◆ **Task**
Examine the material below. Gather every line in which the string "Longrightarrow" appears.

◆ **Extracted material**
*** Block opens ***
text \<open>Each fibre of a box \<open>\<Pi>\<^sub>E k\<in>I. A k\<close> is a box
  in the second factor, so Fubini reduces the claim to a product of one-dimensional identities.\<close>

lemma distr_PiM_pair_map:
  assumes M1: "prob_space M1" and M2: "prob_space M2" and I: "finite I"
    and h[measurable]: "h \<in> measurable (M1 \<Otimes>\<^sub>M M2) M"
  defines "F \<equiv> distr (M1 \<Otimes>\<^sub>M M2) M h"
  shows "distr (PiM I (\<lambda>_. M1) \<Otimes>\<^sub>M PiM I (\<lambda>_. M2)) (PiM I (\<lambda>_. F))
           (\<lambda>p. \<lambda>k\<in>I. h (fst p k, snd p k)) = PiM I (\<lambda>_. F)"
proof -
  interpret M1: prob_space M1 by (rule M1)
  interpret M2: prob_space M2 by (rule M2)
  interpret K: pair_prob_space M1 M2 ..
  interpret P1: finite_product_prob_space "\<lambda>_. M1" I by (rule finite_product_prob_space_const[OF I M1])
  interpret P2: finite_product_prob_space "\<lambda>_. M2" I by (rule finite_product_prob_space_const[OF I M2])
  interpret PF: finite_product_prob_space "\<lambda>_. F" I
    by (rule finite_product_prob_space_const[OF I]) (simp add: F_def K.prob_space_distr)
  let ?\<Omega> = "PiM I (\<lambda>_. M1) \<Otimes>\<^sub>M PiM I (\<lambda>_. M2)"
  let ?T = "\<lambda>p. \<lambda>k\<in>I. h (fst p k, snd p k)"
  have T[measurable]: "?T \<in> measurable ?\<Omega> (PiM I (\<lambda>_. F))"
    unfolding F_def by (rule measurable_PiM_pair_map[OF h])
  show ?thesis
  proof (rule PF.PiM_eqI[OF I])
    fix A assume A: "\<And>k. k \<in> I \<Longrightarrow> A k \<in> sets F"
    define S where "S k = h -` A k \<inter> space (M1 \<Otimes>\<^sub>M M2)" for k
    have S: "S k \<in> sets (M1 \<Otimes>\<^sub>M M2)" if "k \<in> I" for k
      using A[OF that] unfolding S_def F_def by measurable
    have box: "PiE I A \<in> sets (PiM I (\<lambda>_. F))"
      using A I by (intro sets_PiM_I_finite) auto
    have fibre: "Pair w -` (?T -` PiE I A \<inter> space ?\<Omega>) = PiE I (\<lambda>k. Pair (w k) -` S k)"
      if w: "w \<in> space (PiM I (\<lambda>_. M1))" for w
      using w by (auto simp: S_def space_pair_measure space_PiM PiE_iff)
    have "emeasure (distr ?\<Omega> (PiM I (\<lambda>_. F)) ?T) (PiE I A) = emeasure ?\<Omega> (?T -` PiE I A \<inter> space ?\<Omega>)"
      using box by (rule emeasure_distr[OF T])
    also have "\<dots> = (\<integral>\<^sup>+ w. emeasure (PiM I (\<lambda>_. M2)) (Pair w -` (?T -` PiE I A \<inter> space ?\<Omega>)) \<partial>PiM I (\<lambda>_. M1))"
      using box by (intro P2.emeasure_pair_measure_alt measurable_sets[OF T])
    also have "\<dots> = (\<integral>\<^sup>+ w. (\<Prod>k\<in>I. emeasure M2 (Pair (w k) -` S k)) \<partial>PiM I (\<lambda>_. M1))"
      by (intro nn_integral_cong, unfold fibre, rule P2.emeasure_PiM[OF I], rule sets_Pair1[OF S])
    also have "\<dots> = (\<Prod>k\<in>I. \<integral>\<^sup>+ v. emeasure M2 (Pair v -` S k) \<partial>M1)"
      using S by (intro P1.product_nn_integral_prod[OF I]) (auto intro!: M2.measurable_emeasure_Pair)
    also have "\<dots> = (\<Prod>k\<in>I. emeasure F (A k))"
    proof (rule prod.cong[OF refl])
      fix k assume k: "k \<in> I"
      have "(\<integral>\<^sup>+ v. emeasure M2 (Pair v -` S k) \<partial>M1) = emeasure (M1 \<Otimes>\<^sub>M M2) (S k)"
        by (rule M2.emeasure_pair_measure_alt[symmetric, OF S[OF k]])
      also have "\<dots> = emeasure F (A k)"
        using A[OF k] unfolding S_def F_def by (subst emeasure_distr) auto
      finally show "(\<integral>\<^sup>+ v. emeasure M2 (Pair v -` S k) \<partial>M1) = emeasure F (A k)" .
    qed
    finally show "emeasure (distr ?\<Omega> (PiM I (\<lambda>_. F)) ?T) (PiE I A) = (\<Prod>k\<in>I. emeasure F (A k))" .
  qed simp
qed

section \<open>Absolute moments of normal variables\<close>

abbreviation std_normal :: "real measure" where
  "std_normal \<equiv> density lborel std_normal_density"

lemma prob_space_std_normal: "prob_space std_normal"
  using prob_space_normal_density[of 1 0] by simp

lemma std_normal_density_uminus: "std_normal_density (- x) = std_normal_density x"
  by (simp add: std_normal_density_def)

lemma integrable_std_normal_density_indicator:
  "A \<in> sets borel \<Longrightarrow> integrable lborel (\<lambda>z. std_normal_density z * indicator A z)"
  by (rule Bochner_Integration.integrable_bound[OF integrable_normal_density])
     (auto split: split_indicator)

lemma integrable_std_normal_first_moment_indicator:
  "A \<in> sets borel \<Longrightarrow> integrable lborel (\<lambda>z. std_normal_density z * z * indicator A z)"
  by (rule Bochner_Integration.integrable_bound[OF integrable_std_normal_moment_abs[of 1]])
     (auto split: split_indicator simp: abs_mult)

lemma emeasure_std_normal_atMost: "emeasure std_normal {..c} = ennreal (std_Phi c)"
proof -
  interpret prob_space std_normal by (rule prob_space_std_normal)
  show ?thesis unfolding std_Phi_def by (simp add: emeasure_eq_measure)
qed

lemma std_Phi_nonneg: "0 \<le> std_Phi c"
  by (simp add: std_Phi_def)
*** Block closes ***
◆ **The answer**
    fix A assume A: "\<And>k. k \<in> I \<Longrightarrow> A k \<in> sets F"
  "A \<in> sets borel \<Longrightarrow> integrable lborel (\<lambda>z. std_normal_density z * indicator A z)"
  "A \<in> sets borel \<Longrightarrow> integrable lborel (\<lambda>z. std_normal_density z * z * indicator A z)"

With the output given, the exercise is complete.